-- Opening Marker --

(* Let $(\rho,u,f_H)$ be an optimal triple on $[0,T]$ for the pressure-less Euler control problem, and assume that for every $a\in[0,T)$ there exists an admissible triple $(\tilde\rho,\tilde u,\tilde f_H)$ on $[a,T]$ with $\tilde\rho(a)=\rho(a)$, $\tilde u(a)=u(a)$ and $\tilde f_H=-\lambda^{-1/2}(\tilde u-\bar v)$. Then for all $0\le t_1\le t_2\le T$, $$\int_{\mathbb R^D}\rho(t_2,x)|u(t_2,x)-\bar v|^2dx\le C_\lambda\int_{\mathbb R^D}\rho(t_1,x)|u(t_1,x)-\bar v|^2dx,$$ where $C_\lambda=1+\lambda^{-1/2}$ if $\lambda\le1$ and $C_\lambda=1+\lambda^{1/2}$ if $\lambda>1$.
   Context: Fix $D\ge1$, $T>0$, $\lambda>0$, $\bar v\in\mathbb R^D$, and an interaction kernel $\Psi:\mathbb R^D\times\mathbb R^D\to\mathbb R$ which is Lipschitz continuous, symmetric ($\Psi(x,y)=\Psi(y,x)$), nonnegative and bounded. For $0\le a<T$, an admissible triple on $[a,T]$ for the controlled pressure-less Euler system is $(\rho,u,f_H)$ with $\rho\in C^1([a,T]\times\mathbb R^D;[0,\infty))$, $u\in C^1([a,T]\times\mathbb R^D;\mathbb R^D)$, $f_H\in C([a,T]\times\mathbb R^D;\mathbb R^D)$, such that there is a compact set $K\subset\mathbb R^D$ with $\operatorname{supp}\rho(t,\cdot)\subset K$ for all $t$, and which satisfies classically $\partial_t\rho+\nabla_x\cdot(\rho u)=0$, $\partial_t(\rho u)+\nabla_x\cdot(\rho u\otimes u)=Q_1+\rho f_H$, where $Q_1(t,x)=\int_{\mathbb R^D}\Psi(x,y)\rho(t,x)\rho(t,y)\big(u(t,y)-u(t,x)\big)dy$. Its cost on $[a,T]$ is $J^{[a,T]}_{H_1}=\int_a^T\int_{\mathbb R^D}\rho|u-\bar v|^2+\lambda\rho|f_H|^2\,dx\,dt$. An admissible triple on $[0,T]$ is optimal if for every $a\in[0,T)$ its restriction to $[a,T]$ minimizes $J^{[a,T]}_{H_1}$ among all admissible triples on $[a,T]$ with the same values of $(\rho,u)$ at time $a$. *)

theory Defs
  imports "HOL-Analysis.Analysis"
begin

text \<open>Functions of (t,x) on [a,T] x R^D are curried: g t x.  R^D is an arbitrary
  Euclidean space 'a (dimension DIM('a) >= 1).\<close>

definition C1_on :: "(real \<times> 'a::euclidean_space) set \<Rightarrow> (real \<times> 'a \<Rightarrow> 'b::real_normed_vector) \<Rightarrow> bool" where
  "C1_on S g \<longleftrightarrow> (\<exists>g'. (\<forall>z\<in>S. (g has_derivative blinfun_apply (g' z)) (at z within S))
                         \<and> continuous_on S g')"

definition dt :: "real \<Rightarrow> real \<Rightarrow> (real \<Rightarrow> 'b::real_normed_vector) \<Rightarrow> real \<Rightarrow> 'b" where
  "dt a T g t = vector_derivative g (at t within {a..T})"

definition divx :: "('a::euclidean_space \<Rightarrow> 'a) \<Rightarrow> 'a \<Rightarrow> real" where
  "divx w x = (\<Sum>b\<in>Basis. frechet_derivative w (at x) b \<bullet> b)"

text \<open>divergence of the matrix field rho u (x) u: i-th component sum_j d_j (rho u_i u_j)\<close>
definition div_tensor :: "('a::euclidean_space \<Rightarrow> real) \<Rightarrow> ('a \<Rightarrow> 'a) \<Rightarrow> 'a \<Rightarrow> 'a" where
  "div_tensor r w x = (\<Sum>b\<in>Basis. frechet_derivative (\<lambda>y. (r y * (w y \<bullet> b)) *\<^sub>R w y) (at x) b)"

definition Q1 :: "('a::euclidean_space \<Rightarrow> 'a \<Rightarrow> real) \<Rightarrow> (real \<Rightarrow> 'a \<Rightarrow> real) \<Rightarrow> (real \<Rightarrow> 'a \<Rightarrow> 'a) \<Rightarrow> real \<Rightarrow> 'a \<Rightarrow> 'a" where
  "Q1 \<Psi> \<rho> u t x = (LINT y|lborel. (\<Psi> x y * \<rho> t x * \<rho> t y) *\<^sub>R (u t y - u t x))"

definition admissible ::
  "('a::euclidean_space \<Rightarrow> 'a \<Rightarrow> real) \<Rightarrow> real \<Rightarrow> real \<Rightarrow> (real \<Rightarrow> 'a \<Rightarrow> real) \<Rightarrow> (real \<Rightarrow> 'a \<Rightarrow> 'a) \<Rightarrow> (real \<Rightarrow> 'a \<Rightarrow> 'a) \<Rightarrow> bool" where
  "admissible \<Psi> T a \<rho> u f \<longleftrightarrow>
     0 \<le> a \<and> a < T \<and>
     C1_on ({a..T} \<times> UNIV) (\<lambda>(t,x). \<rho> t x) \<and>
     (\<forall>t\<in>{a..T}. \<forall>x. 0 \<le> \<rho> t x) \<and>
     C1_on ({a..T} \<times> UNIV) (\<lambda>(t,x). u t x) \<and>
     continuous_on ({a..T} \<times> UNIV) (\<lambda>(t,x). f t x) \<and>
     (\<exists>K. compact K \<and> (\<forall>t\<in>{a..T}. closure {x. \<rho> t x \<noteq> 0} \<subseteq> K)) \<and>
     (\<forall>t\<in>{a..T}. \<forall>x.
        dt a T (\<lambda>s. \<rho> s x) t + divx (\<lambda>y. \<rho> t y *\<^sub>R u t y) x = 0 \<and>
        dt a T (\<lambda>s. \<rho> s x *\<^sub>R u s x) t + div_tensor (\<rho> t) (u t) x
          = Q1 \<Psi> \<rho> u t x + \<rho> t x *\<^sub>R f t x)"

definition cost :: "real \<Rightarrow> 'a::euclidean_space \<Rightarrow> real \<Rightarrow> real \<Rightarrow> (real \<Rightarrow> 'a \<Rightarrow> real) \<Rightarrow> (real \<Rightarrow> 'a \<Rightarrow> 'a) \<Rightarrow> (real \<Rightarrow> 'a \<Rightarrow> 'a) \<Rightarrow> real" where
  "cost lam vbar T a \<rho> u f =
     (LINT t:{a..T}|lborel. (LINT x|lborel. \<rho> t x * (norm (u t x - vbar))\<^sup>2 + lam * \<rho> t x * (norm (f t x))\<^sup>2))"

definition optimal ::
  "('a::euclidean_space \<Rightarrow> 'a \<Rightarrow> real) \<Rightarrow> real \<Rightarrow> 'a \<Rightarrow> real \<Rightarrow> (real \<Rightarrow> 'a \<Rightarrow> real) \<Rightarrow> (real \<Rightarrow> 'a \<Rightarrow> 'a) \<Rightarrow> (real \<Rightarrow> 'a \<Rightarrow> 'a) \<Rightarrow> bool" where
  "optimal \<Psi> lam vbar T \<rho> u f \<longleftrightarrow>
     admissible \<Psi> T 0 \<rho> u f \<and>
     (\<forall>a\<in>{0..<T}. \<forall>\<rho>' u' f'. admissible \<Psi> T a \<rho>' u' f' \<and> \<rho>' a = \<rho> a \<and> u' a = u a \<longrightarrow>
        cost lam vbar T a \<rho> u f \<le> cost lam vbar T a \<rho>' u' f')"

definition C_lambda :: "real \<Rightarrow> real" where
  "C_lambda lam = (if lam \<le> 1 then 1 + 1 / sqrt lam else 1 + sqrt lam)"

end

theory Submission
  imports Defs
begin

(* Let E(t) be the integral of rho |u - vbar|^2 and F(t) that of rho |f_H|^2.  Testing the
   momentum equation against u - vbar and using the continuity equation, E' equals
   2 int rho (u - vbar).f_H plus 2 int (u - vbar).Q_1 plus the integral of a divergence.  The
   divergence integrates to zero because rho has compact support, and the alignment term is
   nonpositive after symmetrising in (x,y).  Young's inequality with weight c = lambda^(-1/2)
   then gives E' <= c (E + lambda F), hence E(t2) <= E(t1) + c J(t1), where J(t1) is the optimal
   cost from time t1.  For the feedback control f_H = -c (u - vbar) the same identity gives
   E' <= -2 c E, so the cost of the feedback triple, 2 int E, is at most E(t1) / c.  Optimality
   bounds J(t1) by that cost, so E(t2) <= 2 E(t1) <= C_lambda E(t1). *)

lemma DERIV_within_Icc_nonpos_imp_decreasing:
  fixes g g' :: "real \<Rightarrow> real"
  assumes "p \<le> q"
    and "\<And>t. t \<in> {p..q} \<Longrightarrow> (g has_real_derivative g' t) (at t within {p..q})"
    and "\<And>t. t \<in> {p..q} \<Longrightarrow> g' t \<le> 0"
  shows "g q \<le> g p"
proof (rule DERIV_nonpos_imp_decreasing_open[OF \<open>p \<le> q\<close>])
  show "continuous_on {p..q} g"
    using assms(2) by (meson DERIV_continuous continuous_on_eq_continuous_within)
  show "\<exists>y. DERIV g t :> y \<and> y \<le> 0" if "p < t" "t < q" for t
    using assms(2,3)[of t] that at_within_Icc_at[of p t q] by auto
qed

lemma integral_nonpos:
  fixes g :: "'b \<Rightarrow> real"
  assumes "\<And>x. g x \<le> 0"
  shows "integral\<^sup>L M g \<le> 0"
  using Bochner_Integration.integral_nonneg[where f="\<lambda>x. - g x" and M=M] assms by simp

definition C1_derivative ::
  "(real \<times> 'a::euclidean_space) set \<Rightarrow> (real \<times> 'a \<Rightarrow> 'b::real_normed_vector) \<Rightarrow> real \<times> 'a \<Rightarrow> (real \<times> 'a) \<Rightarrow>\<^sub>L 'b"
  where "C1_derivative S g =
    (SOME g'. (\<forall>z\<in>S. (g has_derivative blinfun_apply (g' z)) (at z within S)) \<and> continuous_on S g')"

lemma C1_derivative:
  assumes "C1_on S g"
  shows "\<And>z. z \<in> S \<Longrightarrow> (g has_derivative blinfun_apply (C1_derivative S g z)) (at z within S)"
    and "continuous_on S (C1_derivative S g)"
  using someI_ex[OF assms[unfolded C1_on_def]] unfolding C1_derivative_def by auto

-- Closing Marker --

| About this exercise |
Would you report every line of the entries above containing the word "bool"?

| Completed task |
definition C1_on :: "(real \<times> 'a::euclidean_space) set \<Rightarrow> (real \<times> 'a \<Rightarrow> 'b::real_normed_vector) \<Rightarrow> bool" where
  "('a::euclidean_space \<Rightarrow> 'a \<Rightarrow> real) \<Rightarrow> real \<Rightarrow> real \<Rightarrow> (real \<Rightarrow> 'a \<Rightarrow> real) \<Rightarrow> (real \<Rightarrow> 'a \<Rightarrow> 'a) \<Rightarrow> (real \<Rightarrow> 'a \<Rightarrow> 'a) \<Rightarrow> bool" where
  "('a::euclidean_space \<Rightarrow> 'a \<Rightarrow> real) \<Rightarrow> real \<Rightarrow> 'a \<Rightarrow> real \<Rightarrow> (real \<Rightarrow> 'a \<Rightarrow> real) \<Rightarrow> (real \<Rightarrow> 'a \<Rightarrow> 'a) \<Rightarrow> (real \<Rightarrow> 'a \<Rightarrow> 'a) \<Rightarrow> bool" where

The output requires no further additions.